• Work order
From the entries below, retype only the lines from the one with "Hausdorff_space \<tau> \<and>" through the one with "A X Y Z x y.", exactly as written.

* * *

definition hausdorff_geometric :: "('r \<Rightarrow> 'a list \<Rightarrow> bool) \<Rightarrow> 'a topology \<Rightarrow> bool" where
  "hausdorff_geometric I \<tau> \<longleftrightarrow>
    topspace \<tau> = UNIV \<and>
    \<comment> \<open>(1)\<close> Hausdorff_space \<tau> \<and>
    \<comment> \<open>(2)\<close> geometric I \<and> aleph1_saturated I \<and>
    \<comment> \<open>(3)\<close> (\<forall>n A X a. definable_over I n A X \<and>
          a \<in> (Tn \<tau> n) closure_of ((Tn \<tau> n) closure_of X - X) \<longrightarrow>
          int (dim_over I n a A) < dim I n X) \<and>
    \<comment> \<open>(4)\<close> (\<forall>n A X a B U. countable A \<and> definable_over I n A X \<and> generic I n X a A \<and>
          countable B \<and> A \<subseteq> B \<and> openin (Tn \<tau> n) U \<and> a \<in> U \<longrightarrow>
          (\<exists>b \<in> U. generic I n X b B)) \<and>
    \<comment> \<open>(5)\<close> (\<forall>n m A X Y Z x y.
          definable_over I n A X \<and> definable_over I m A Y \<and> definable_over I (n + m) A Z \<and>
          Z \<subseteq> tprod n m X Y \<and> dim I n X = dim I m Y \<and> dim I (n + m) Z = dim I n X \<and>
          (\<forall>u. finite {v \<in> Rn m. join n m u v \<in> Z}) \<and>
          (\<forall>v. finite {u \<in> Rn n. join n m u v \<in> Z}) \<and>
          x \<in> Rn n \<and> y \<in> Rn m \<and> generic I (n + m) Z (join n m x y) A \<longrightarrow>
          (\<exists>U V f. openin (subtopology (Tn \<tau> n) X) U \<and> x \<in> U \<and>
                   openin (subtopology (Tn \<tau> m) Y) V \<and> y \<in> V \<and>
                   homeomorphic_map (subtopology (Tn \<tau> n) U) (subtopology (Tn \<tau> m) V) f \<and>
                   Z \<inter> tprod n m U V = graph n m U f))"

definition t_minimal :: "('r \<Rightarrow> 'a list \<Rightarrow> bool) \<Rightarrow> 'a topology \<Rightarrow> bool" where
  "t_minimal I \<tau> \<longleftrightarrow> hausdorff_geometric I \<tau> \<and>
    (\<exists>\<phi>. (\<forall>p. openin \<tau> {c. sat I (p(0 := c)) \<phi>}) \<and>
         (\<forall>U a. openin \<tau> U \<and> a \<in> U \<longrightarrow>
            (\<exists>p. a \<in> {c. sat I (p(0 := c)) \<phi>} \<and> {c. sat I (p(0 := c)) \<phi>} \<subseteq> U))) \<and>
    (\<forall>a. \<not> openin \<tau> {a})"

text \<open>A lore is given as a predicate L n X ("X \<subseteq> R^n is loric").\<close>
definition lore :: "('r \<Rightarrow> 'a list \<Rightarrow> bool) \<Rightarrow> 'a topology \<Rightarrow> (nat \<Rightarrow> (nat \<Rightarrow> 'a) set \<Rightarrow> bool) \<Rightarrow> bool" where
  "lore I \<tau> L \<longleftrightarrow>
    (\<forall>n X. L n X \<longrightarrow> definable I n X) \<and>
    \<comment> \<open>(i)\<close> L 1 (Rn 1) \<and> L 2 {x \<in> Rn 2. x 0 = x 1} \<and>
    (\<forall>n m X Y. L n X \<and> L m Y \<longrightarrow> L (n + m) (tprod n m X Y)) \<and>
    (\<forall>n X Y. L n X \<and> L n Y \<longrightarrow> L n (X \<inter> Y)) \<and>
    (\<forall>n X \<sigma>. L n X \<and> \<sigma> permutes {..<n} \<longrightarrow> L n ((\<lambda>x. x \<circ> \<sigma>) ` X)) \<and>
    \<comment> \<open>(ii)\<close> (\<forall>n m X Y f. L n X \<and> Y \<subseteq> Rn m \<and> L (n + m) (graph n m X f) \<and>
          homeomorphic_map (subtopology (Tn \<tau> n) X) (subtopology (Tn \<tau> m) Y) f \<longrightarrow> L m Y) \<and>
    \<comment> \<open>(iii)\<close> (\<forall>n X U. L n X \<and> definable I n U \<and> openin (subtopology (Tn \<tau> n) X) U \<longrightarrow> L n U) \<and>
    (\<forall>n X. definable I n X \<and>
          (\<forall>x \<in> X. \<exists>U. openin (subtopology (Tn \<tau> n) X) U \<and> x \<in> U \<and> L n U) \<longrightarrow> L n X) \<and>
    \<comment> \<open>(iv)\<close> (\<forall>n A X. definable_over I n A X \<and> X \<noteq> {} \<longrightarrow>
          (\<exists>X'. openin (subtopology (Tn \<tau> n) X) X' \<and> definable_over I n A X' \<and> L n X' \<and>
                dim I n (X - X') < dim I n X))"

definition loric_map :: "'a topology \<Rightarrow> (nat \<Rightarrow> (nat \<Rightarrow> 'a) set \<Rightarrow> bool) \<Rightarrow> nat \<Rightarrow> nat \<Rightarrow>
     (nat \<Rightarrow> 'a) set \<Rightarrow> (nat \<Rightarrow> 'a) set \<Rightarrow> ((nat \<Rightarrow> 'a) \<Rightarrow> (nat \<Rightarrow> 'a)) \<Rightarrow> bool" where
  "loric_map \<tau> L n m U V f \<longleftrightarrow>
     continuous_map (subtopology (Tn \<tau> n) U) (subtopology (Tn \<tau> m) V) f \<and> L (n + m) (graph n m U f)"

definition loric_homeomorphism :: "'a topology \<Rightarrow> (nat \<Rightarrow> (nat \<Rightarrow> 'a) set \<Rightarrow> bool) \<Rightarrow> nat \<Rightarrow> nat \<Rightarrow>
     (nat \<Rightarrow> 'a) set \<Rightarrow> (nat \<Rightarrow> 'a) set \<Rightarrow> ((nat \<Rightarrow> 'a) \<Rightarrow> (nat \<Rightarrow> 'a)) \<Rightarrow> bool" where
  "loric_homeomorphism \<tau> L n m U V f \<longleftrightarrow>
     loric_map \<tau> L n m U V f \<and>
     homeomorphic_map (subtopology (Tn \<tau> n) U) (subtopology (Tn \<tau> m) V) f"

* * *

• Result below
    \<comment> \<open>(1)\<close> Hausdorff_space \<tau> \<and>
    \<comment> \<open>(2)\<close> geometric I \<and> aleph1_saturated I \<and>
    \<comment> \<open>(3)\<close> (\<forall>n A X a. definable_over I n A X \<and>
          a \<in> (Tn \<tau> n) closure_of ((Tn \<tau> n) closure_of X - X) \<longrightarrow>
          int (dim_over I n a A) < dim I n X) \<and>
    \<comment> \<open>(4)\<close> (\<forall>n A X a B U. countable A \<and> definable_over I n A X \<and> generic I n X a A \<and>
          countable B \<and> A \<subseteq> B \<and> openin (Tn \<tau> n) U \<and> a \<in> U \<longrightarrow>
          (\<exists>b \<in> U. generic I n X b B)) \<and>
    \<comment> \<open>(5)\<close> (\<forall>n m A X Y Z x y.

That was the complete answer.